Terhadap hegemoni, gramsci mengusulkan perang posisi atau counter hegemoni.
Yaitu menciptakan wacana tandingan melawan hegemoni negara. Jika negara
mempopulerkan ajaran tentang ketaatan buta lewat sekolah-sekolah. Maka
massa yang ditindas bisa mempopulrkan ajaran perlawanan kepada rakyat.
Namun juga patut disadari bahwa terdapat kelemahan dalam perang posisi. Ia
dalah basis material massa sendiri dalam menyebarkan gagasanya. Jika negara
memiliki universitas, lembaga hukum dan media maka apa yang rakyat punya.

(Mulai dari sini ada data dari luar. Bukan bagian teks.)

lemma bounded_semigroup_left_eigenvalue:
  assumes g: "generates G D E" and bounded: "\<And>t x. 0 \<le> t \<Longrightarrow> norm (E t x) \<le> M * norm x"
    and \<psi>: "bounded_clin (\<psi> :: 'a::chilbert \<Rightarrow> complex)" and eig: "\<And>y. y \<in> D \<Longrightarrow> \<psi> (G y) = c * \<psi> y"
    and y: "y \<in> D" "\<psi> y \<noteq> 0"
  shows "Re c \<le> 0"
proof -
  obtain K where K: "\<And>x. norm (\<psi> x) \<le> K * norm x" "0 < K" using bounded_clin_pos_bound[OF \<psi>] by blast
  show ?thesis
  proof (rule exp_growth_bounded_imp_nonpos)
    fix t :: real assume t: "0 \<le> t"
    have "exp (Re c * t) * cmod (\<psi> y) = cmod (\<psi> (E t y))"
      using generates_left_eigenvector[OF g \<psi> eig y(1) t] by (simp add: norm_mult)
    also have "\<dots> \<le> K * norm (E t y)" by (rule K(1))
    also have "\<dots> \<le> K * (M * norm y)" using bounded[OF t] K(2) by (simp add: mult_left_mono)
    finally show "exp (Re c * t) * cmod (\<psi> y) \<le> K * (M * norm y)" .
  qed (use y in simp)
qed

section \<open>Riesz bases\<close>

definition lincomb :: "(nat \<Rightarrow> 'a::cvec) \<Rightarrow> (nat \<Rightarrow> complex) \<Rightarrow> nat \<Rightarrow> 'a" where
  "lincomb phi \<alpha> N = (\<Sum>n<N. scaleC (\<alpha> n) (phi n))"

definition finite_span :: "(nat \<Rightarrow> 'a::cvec) \<Rightarrow> 'a set" where
  "finite_span phi = {lincomb phi \<alpha> N | \<alpha> N. True}"

text \<open>A finitely supported coefficient sequence of \<open>x\<close> and a bound of its support, chosen by
  \<open>SOME\<close>; it is meaningful only on \<open>finite_span phi\<close>, where for a Riesz basis the sequence is
  unique.\<close>

definition span_coeffs :: "(nat \<Rightarrow> 'a::cvec) \<Rightarrow> 'a \<Rightarrow> (nat \<Rightarrow> complex) \<times> nat" where
  "span_coeffs phi x = (SOME p. (\<forall>n\<ge>snd p. fst p n = 0) \<and> x = lincomb phi (fst p) (snd p))"

lemma lincomb_add: "lincomb phi (\<lambda>n. \<alpha> n + \<beta> n) N = lincomb phi \<alpha> N + lincomb phi \<beta> N"
  by (simp add: lincomb_def scaleC_add_left sum.distrib)

lemma lincomb_scale: "lincomb phi (\<lambda>n. c * \<alpha> n) N = scaleC c (lincomb phi \<alpha> N)"
  by (simp add: lincomb_def scaleC_sum_right scaleC_scaleC)

lemma lincomb_diff: "lincomb phi (\<lambda>n. \<alpha> n - \<beta> n) N = lincomb phi \<alpha> N - lincomb phi \<beta> N"
  by (simp add: lincomb_def scaleC_diff_left sum_subtractf)

lemma lincomb_extend: "\<forall>n\<ge>N. \<alpha> n = 0 \<Longrightarrow> N \<le> N' \<Longrightarrow> lincomb phi \<alpha> N' = lincomb phi \<alpha> N"
  unfolding lincomb_def by (rule sum.mono_neutral_right) auto

lemma lincomb_truncate: "lincomb phi \<alpha> N = lincomb phi (\<lambda>n. if n < N then \<alpha> n else 0) N"
  unfolding lincomb_def by (rule sum.cong) auto

lemma lincomb_delta: "lincomb phi (\<lambda>n. if n = j then c else 0) (Suc j) = scaleC c (phi j)"
proof -
  have "lincomb phi (\<lambda>n. if n = j then c else 0) (Suc j) = (\<Sum>n<Suc j. if n = j then scaleC c (phi j) else 0)"
    unfolding lincomb_def by (rule sum.cong) auto
  then show ?thesis by (simp add: sum.delta')
qed

lemma bounded_clin_lincomb:
  "bounded_clin g \<Longrightarrow> g (lincomb phi \<alpha> N) = (\<Sum>n<N. scaleC (\<alpha> n) (g (phi n)))"
  by (simp add: lincomb_def bounded_clin_sum bounded_clin_scaleC)

lemma riesz_basis_dense: "riesz_basis phi \<Longrightarrow> closure (finite_span phi) = UNIV"
  unfolding riesz_basis_def finite_span_def lincomb_def by blast

lemma riesz_basis_bounds:
  "riesz_basis phi \<Longrightarrow> \<exists>m M. 0 < m \<and> 0 < M \<and>
     (\<forall>\<alpha> N. m * (\<Sum>n<N. (cmod (\<alpha> n))\<^sup>2) \<le> (norm (lincomb phi \<alpha> N))\<^sup>2
            \<and> (norm (lincomb phi \<alpha> N))\<^sup>2 \<le> M * (\<Sum>n<N. (cmod (\<alpha> n))\<^sup>2))"
  unfolding riesz_basis_def lincomb_def by blast

lemma finite_span_supported:
  "x \<in> finite_span phi \<Longrightarrow> \<exists>\<alpha> N. (\<forall>n\<ge>N. \<alpha> n = 0) \<and> x = lincomb phi \<alpha> N"
proof -
  assume "x \<in> finite_span phi"
  then obtain \<alpha> N where "x = lincomb phi \<alpha> N" unfolding finite_span_def by blast
  then show ?thesis
    using lincomb_truncate[of phi \<alpha> N] by (intro exI[of _ "\<lambda>n. if n < N then \<alpha> n else 0"] exI[of _ N]) simp
qed

lemma finite_span_supported_pair:
  assumes "x \<in> finite_span phi" "y \<in> finite_span phi"
  shows "\<exists>\<alpha> \<beta> N. (\<forall>n\<ge>N. \<alpha> n = 0) \<and> (\<forall>n\<ge>N. \<beta> n = 0) \<and> x = lincomb phi \<alpha> N \<and> y = lincomb phi \<beta> N"
proof -
  obtain \<alpha> N \<beta> N' where a: "\<forall>n\<ge>N. \<alpha> n = 0" "x = lincomb phi \<alpha> N"
    and b: "\<forall>n\<ge>N'. \<beta> n = 0" "y = lincomb phi \<beta> N'"
    using assms finite_span_supported by metis
  then show ?thesis
    using lincomb_extend[of N \<alpha> "max N N'" phi] lincomb_extend[of N' \<beta> "max N N'" phi]
    by (intro exI[of _ \<alpha>] exI[of _ \<beta>] exI[of _ "max N N'"]) auto
qed

lemma csubspace_finite_span: "csubspace (finite_span phi)"
  unfolding csubspace_def
proof (intro conjI ballI allI)
  show "0 \<in> finite_span phi"
    unfolding finite_span_def lincomb_def by (auto intro!: exI[of _ 0])
next
  fix x y assume "x \<in> finite_span phi" "y \<in> finite_span phi"
  then obtain \<alpha> \<beta> N where "x = lincomb phi \<alpha> N" "y = lincomb phi \<beta> N"
    using finite_span_supported_pair by blast
  then have "x + y = lincomb phi (\<lambda>n. \<alpha> n + \<beta> n) N" by (simp add: lincomb_add)
  then show "x + y \<in> finite_span phi" unfolding finite_span_def by blast
next
  fix c x assume "x \<in> finite_span phi"
  then obtain \<alpha> N where "x = lincomb phi \<alpha> N" unfolding finite_span_def by blast
  then have "scaleC c x = lincomb phi (\<lambda>n. c * \<alpha> n) N" by (simp add: lincomb_scale)
  then show "scaleC c x \<in> finite_span phi" unfolding finite_span_def by blast
qed

lemma riesz_basis_lincomb_inj:
  assumes rb: "riesz_basis phi" and \<alpha>: "\<forall>n\<ge>N. \<alpha> n = 0" and \<beta>: "\<forall>n\<ge>N. \<beta> n = 0"
    and eq: "lincomb phi \<alpha> N = lincomb phi \<beta> N"
  shows "\<alpha> = \<beta>"
proof
  fix k
  obtain m where m: "0 < m" "\<And>\<gamma>. m * (\<Sum>n<N. (cmod (\<gamma> n))\<^sup>2) \<le> (norm (lincomb phi \<gamma> N))\<^sup>2"
    using riesz_basis_bounds[OF rb] by blast
  have "m * (\<Sum>n<N. (cmod (\<alpha> n - \<beta> n))\<^sup>2) \<le> 0"
    using m(2)[of "\<lambda>n. \<alpha> n - \<beta> n"] eq by (simp add: lincomb_diff)
  then have "(\<Sum>n<N. (cmod (\<alpha> n - \<beta> n))\<^sup>2) = 0"
    using m(1) by (meson antisym mult_le_0_iff not_le sum_nonneg zero_le_power2)
  then show "\<alpha> k = \<beta> k" using \<alpha> \<beta> by (cases "k < N") (auto simp: sum_nonneg_eq_0_iff)
qed

lemma span_coeffs_lincomb:
  assumes rb: "riesz_basis phi" and \<alpha>: "\<forall>n\<ge>N. \<alpha> n = 0"
  shows "fst (span_coeffs phi (lincomb phi \<alpha> N)) = \<alpha>"
    and "\<forall>n\<ge>snd (span_coeffs phi (lincomb phi \<alpha> N)). \<alpha> n = 0"
proof -
  define p where "p = span_coeffs phi (lincomb phi \<alpha> N)"
  have "(\<forall>n\<ge>snd p. fst p n = 0) \<and> lincomb phi \<alpha> N = lincomb phi (fst p) (snd p)"
    unfolding p_def span_coeffs_def by (rule someI[of _ "(\<alpha>, N)"]) (simp add: \<alpha>)
  then have p: "\<forall>n\<ge>snd p. fst p n = 0" "lincomb phi \<alpha> N = lincomb phi (fst p) (snd p)"
    by blast+
  define N' where "N' = max N (snd p)"
  have \<alpha>': "\<forall>n\<ge>N'. \<alpha> n = 0" and p': "\<forall>n\<ge>N'. fst p n = 0"
    using \<alpha> p(1) by (simp_all add: N'_def)
  have "lincomb phi \<alpha> N' = lincomb phi (fst p) N'"
    using p(2) lincomb_extend[of N \<alpha> N' phi] lincomb_extend[of "snd p" "fst p" N' phi] \<alpha> p(1)
    by (simp add: N'_def)
  then have "\<alpha> = fst p" using riesz_basis_lincomb_inj[OF rb \<alpha>' p'] by blast
  then show "fst (span_coeffs phi (lincomb phi \<alpha> N)) = \<alpha>" "\<forall>n\<ge>snd (span_coeffs phi (lincomb phi \<alpha> N)). \<alpha> n = 0"
    using p(1) by (simp_all add: p_def)
qed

Selain itu, legitimasi yang dimiliki rakyat juga kurang diyakini sebagian rakyat
lainya. Mayoritas massa belum meyadari kenyataan ini dan menganggap perang
posisi adalah tindakan buruk.
Persoalan ini belum bisa penulis pecahkan karena masih minimnya refrensi dan
literatur yang dibaca. Dengan demikian, penulis berharap persoalan perang
posisi ini menjadi PR bersama dalam mewujudkan perang posisi. Sekali lagi,
Gramsci mengaggap persoalan hegemoni yang menurut kaum marxis hanyalah
epifenomena yang tak menyentuh akar persoalan sebagai sebuah urgensi
tersendiri, terutama dalam kondisi negara modern. Esok, penulis berencana
menambah literatur dengan membaca buku prison notebook karya Gramsci. Hal
ini terkendala karena harga yang belum terjangkau, lagi-lagi persoalanya
menyentuh basis struktur. Semoga bermanfaat.